Running datacollection to post to Clio
======================================

**This version of datacollection has been forked to make log_min_duration_statement to 1ms.**


**Run directly on box:**
```usr/bin/stdbuf -oL -eL /var/lib/postgresql/datacollection.sh ${schema} ${time_type} ${collection_time} $::fqdn ${database_name} | logger -p local2.info -t datacollection```

######examples of variables:
* schema = justintv_dev
* time_type = m (minutes), t (hours)
* collection_time} = 1
* $::fqdn = fqdn of database
* database_name = sitedbprod
* database_type = master or replica

**Run Via puppet**

Branch and Change run datacollection variable to true 

```$run_datacollection = true```

Run Puppet branch

healthcheck
===========

There are two steps to a healthcheck:

1. collecting the data from the server.
2. processing it on a separate server to generate graphs and reports.

Step 1 is handled by the code in datacollection/ , step 2 by the code in Tuneup/
Each has its own README.md. Briefly, here's the end-to-end process for using them
together:


How to Run
----------

1. Copy datacollection/datacollection.py and datacollection/datacollection_startup.py to the machine where you want to gather data. You'll run these scripts as postgres user, so put those files in the ~postgres directory and make sure they are owned by postgres.
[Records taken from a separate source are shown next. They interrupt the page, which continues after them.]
section \<open>Eigenvalues as roots of the characteristic polynomial\<close>

definition linear_factors :: "real list \<Rightarrow> real poly" where
  "linear_factors xs = (\<Prod>a\<leftarrow>xs. [:-a, 1:])"

lemma poly_linear_factors: "poly (linear_factors xs) x = (\<Prod>i<length xs. x - xs ! i)"
  unfolding linear_factors_def
  by (induction xs) (simp_all del: prod.lessThan_Suc add: prod.lessThan_Suc_shift algebra_simps)

lemma poly_linear_factors_eq_0_iff: "poly (linear_factors xs) x = 0 \<longleftrightarrow> x \<in> set xs"
  by (auto simp: poly_linear_factors in_set_conv_nth)

lemma linear_factors_inj_on_sorted:
  assumes "sorted_wrt (\<ge>) xs" "sorted_wrt (\<ge>) ys" "linear_factors xs = linear_factors ys"
  shows "xs = ys"
  using assms
proof (induction xs arbitrary: ys)
  case Nil
  then have "x \<notin> set ys" for x
    using poly_linear_factors_eq_0_iff[of "[]" x] poly_linear_factors_eq_0_iff[of ys x] by simp
  then show ?case by (cases ys) auto
next
  case (Cons a xs)
  then have same_roots: "set (a # xs) = set ys"
    using poly_linear_factors_eq_0_iff[of "a # xs"] poly_linear_factors_eq_0_iff[of ys] by auto
  then obtain b ys' where ys: "ys = b # ys'"
    by (cases ys) auto
  have "a \<in> set (b # ys')" "b \<in> set (a # xs)"
    using same_roots ys by auto
  with Cons.prems(1,2) ys have "a = b"
    by fastforce
  then have "[:-a, 1:] * linear_factors xs = [:-a, 1:] * linear_factors ys'"
    using Cons.prems(3) ys by (simp add: linear_factors_def)
  moreover have "[:-a, 1:] \<noteq> (0 :: real poly)" by simp
  ultimately have "linear_factors xs = linear_factors ys'"
    using mult_left_cancel by blast
  with Cons.IH Cons.prems ys \<open>a = b\<close> show ?case by simp
qed

lemma matrix_diff_ldistrib: "(M :: 'a::ring_1^'n^'m) ** (N - N') = M ** N - M ** N'"
  by (simp add: vec_eq_iff matrix_matrix_mult_def sum_subtractf algebra_simps)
1. Follow the instructions in datacollection/README.md
```/var/lib/postgresql/datacollection.sh ${schema} ${time_type} ${collection_time} $::fqdn ${database_name}```

1. At the end, datacollection.py will tell you where it placed its logs.
Unless you're CPU-starved, it's a good idea to compress them before copying
them to the box where you will run Tuneup.

cd YOUR_LOG_DIR
for FILE in ```datacollection-*.csv; do echo $FILE; nice gzip $FILE; done```

1. Copy the datacollection-*.gz files to the Tuneup box. Recommended command:

    ```nice rsync -vaP -e 'ssh -c arcfour' datacollection-*gz YOUR_USERNAME@YOUR_TUNEUP_HOSTNAME:/YOUR_DIRECTORY```


1. Wait for Tuneup to complete.

1. Download the output to your computer, so you can view the graphs. Skip the sar-related files, the monitor directory, and especially the log directory, because they're big. If you have rsync on your computer, you can do this as follows:

    ```rsync -va --exclude monitor --exclude '*sar*' --exclude 'logs' YOUR_TUNEUP_HOSTNAME:/YOUR_TUNEUP_DIRECTORY/OUTPUT .```


Postgres Logs Not Showing Up 
-------------

1. Log into data-dev box, Located on the twitch-web-aws.
2. In the ~/postgres/healthcheck directory remove the analysis.pid file.
3. The datadev box will start to analyze the files in the SQS queue.